We have confidence in the strength of the company. And so we provided returns to shareholders in the second quarter as our cash balance was strong. Our cash generation was strong and we have confidence in the future ability of the company to weather through cyclical storms.

And so that’s why we provided it. Just we announced an additional $500 million buyback. We still have $150 million left on the prior buyback authorization.

During Q2 2022, Alcoa repurchased $275 million worth of stock, or 3.3% of its market cap returned to shareholders during Q2, which annualized at 13.3%.

Furthermore, Alcoa now announces that it has increased its repurchase authorization to $500 million. This is an open-ended repurchase program.

This puts its total authorized repurchase program at $650 million, or 7.8% of its market cap. Note, realistically, just because a company has a stock authorization program announced does not mean the company will necessarily exhaust its authorization.

That being said, aside from capital being returned to shareholders, it’s important to keep in mind that Alcoa has very high returns on equity.

Q2 2022 investors presentation

Q2 2022 investors presentation

As you can see above, Alcoa’s ROE right now would put to shame many so-called ”asset light” cloud companies’ profitability profiles.

Alcoa is seeing very strong ROE figures, backed by strong cash flows and returning capital to shareholders.

AA Stock Valuation — Priced at 8x Free Cash Flow

For the first half of 2022, Alcoa’s EBITDA stood at $2 billion. That being said, this high level of EBITDA has not translated into an equal and proportional level of free cash flow.

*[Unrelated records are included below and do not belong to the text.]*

lemma coeff_pairing_eq: "degree p < N \<Longrightarrow> coeff_pairing w p = (\<Sum>j<N. coeff p j * w j)"
  unfolding coeff_pairing_def by (rule sum.mono_neutral_left) (auto simp: coeff_eq_0)

lemma coeff_pairing_0 [simp]: "coeff_pairing w 0 = 0"
  by (simp add: coeff_pairing_def)

lemma coeff_pairing_add: "coeff_pairing w (p + q) = coeff_pairing w p + coeff_pairing w q"
proof -
  define N where "N = Suc (max (degree p) (degree q))"
  have "degree (p + q) < N" "degree p < N" "degree q < N"
    using degree_add_le_max[of p q] by (auto simp: N_def)
  then show ?thesis by (simp add: coeff_pairing_eq sum.distrib algebra_simps)
qed

lemma coeff_pairing_diff: "coeff_pairing w (p - q) = coeff_pairing w p - coeff_pairing w q"
  using coeff_pairing_add[of w "p - q" q] by simp

lemma coeff_pairing_sum: "coeff_pairing w (\<Sum>i\<in>A. f i) = (\<Sum>i\<in>A. coeff_pairing w (f i))"
  by (induction A rule: infinite_finite_induct) (simp_all add: coeff_pairing_add)

lemma coeff_pairing_monom: "coeff_pairing w (monom c j) = c * w j"
  by (subst coeff_pairing_eq[of _ "Suc j"]) (simp_all add: le_imp_less_Suc degree_monom_le coeff_monom)

text \<open>Formal moments: for e = 1 and Re \<beta> > 0, gauss_moment \<beta> 1 j equals
  (2 / \<Gamma> \<beta>) times the integral of z^(j - 1) w(z) over (0, \<infinity>), w = z^(2\<beta>-1) exp(-z^2),
  for odd j; the recursion below is integration by parts.\<close>

definition gauss_moment :: "complex \<Rightarrow> complex \<Rightarrow> nat \<Rightarrow> complex" where
  "gauss_moment \<beta> e j = (if odd j then pochhammer \<beta> (j div 2) * e ^ (j div 2) else 0)"

lemma gauss_moment_rec:
  assumes e: "e\<^sup>2 = 1"
  shows "(of_nat j + (2 * \<beta> - 1)) * gauss_moment \<beta> e j = 2 * e * gauss_moment \<beta> e (j + 2)"
proof (cases "odd j")
  case True
  then obtain i where j: "j = 2 * i + 1" by (metis oddE)
  have ee: "e * (e * x) = x" for x using e by (simp add: power2_eq_square mult.assoc[symmetric])
  show ?thesis using True unfolding gauss_moment_def j
    by (simp add: pochhammer_Suc algebra_simps ee)
next
  case False
  then show ?thesis by (simp add: gauss_moment_def)
qed

lemma moment_op_monom:
  "moment_op c e (monom a i) = monom (of_nat i * a) i + monom (c * a) i - monom (2 * e * a) (i + 2)"
proof -
  have "\<zeta> * pderiv (monom a i) = monom (of_nat i * a) i"
    by (cases i) (simp_all add: pderiv_monom \<zeta>_eq_monom mult_monom)
  moreover have "\<zeta>\<^sup>2 = monom 1 2" by (simp add: \<zeta>_eq_monom monom_power)
  ultimately show ?thesis
    by (simp add: moment_op_def weight_logderiv_def algebra_simps mult_monom smult_monom
        flip: mult_smult_left)
qed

To illustrate, free cash flow for H1 2022 stood at $390 million, as the vast majority of the EBITDA profitability is taken up by working capital.

However, keep in mind that back in Q1 2022, Alcoa stated at the time that it’s very large negative use of working capital would reverse throughout the whole of 2022.

Q2 2022 investors presentation

Q2 2022 investors presentation

And that’s exactly what you see above in the red and green boxes above, from Q1 into Q2 free cash flow substantially improved given the improvement in working capital.

Looking further ahead for the remainder of 2022, Alcoa continues to contend as it did last quarter that it would see an improvement in working capital in the back half of 2022.

That could mean Alcoa’s free cash flow would probably reach $1 billion in 2022.

TIKR.com

TIKR.com

Meanwhile, analysts for their part continue to expect around $1.4 billion of free cash flow from Alcoa in 2022. While I believe that this estimate is too high, I do believe if Alcoa could provide further free cash flow potential, this would obviously further support its share price.

Using my estimate of $1 billion of free cash flow estimates for 2022, that would put Alcoa priced at 8x this year’s free cash flow.

The Bottom Line

Alcoa is a commodity company that is enduring very volatile demand, from both an economic global slow down as well as China’s Covid lockdown policy. Despite a lot of pessimism, the business appears to be performing strongly and generating very strong free cash flows. I believe that paying 8x free cash flow for this business is cheap and an attractive multiple.

I’ll leave the final words to Alcoa’s management team. In a recent conference call, Alcoa said:

So, we’ve had lower metal prices, some higher raw material costs, higher energy costs in Lista. And we’ve had some operational issues in Western Australia and that, I think, is going to cost us around $50 million in the third quarter. So, like I said, the third quarter is shaping up to be a tough one.

This is what I believe the market is thinking about right now., the challenging Q3 quarter. However, I’m looking beyond the next six months and trying to be positioned for what comes next after this challenging period.

In summary, the best time to buy into a cyclical stock is during these periods of negative outlooks. When nobody else wants to get involved. And the time to sell will be in about six to nine months when the outlook starts to slowly improve.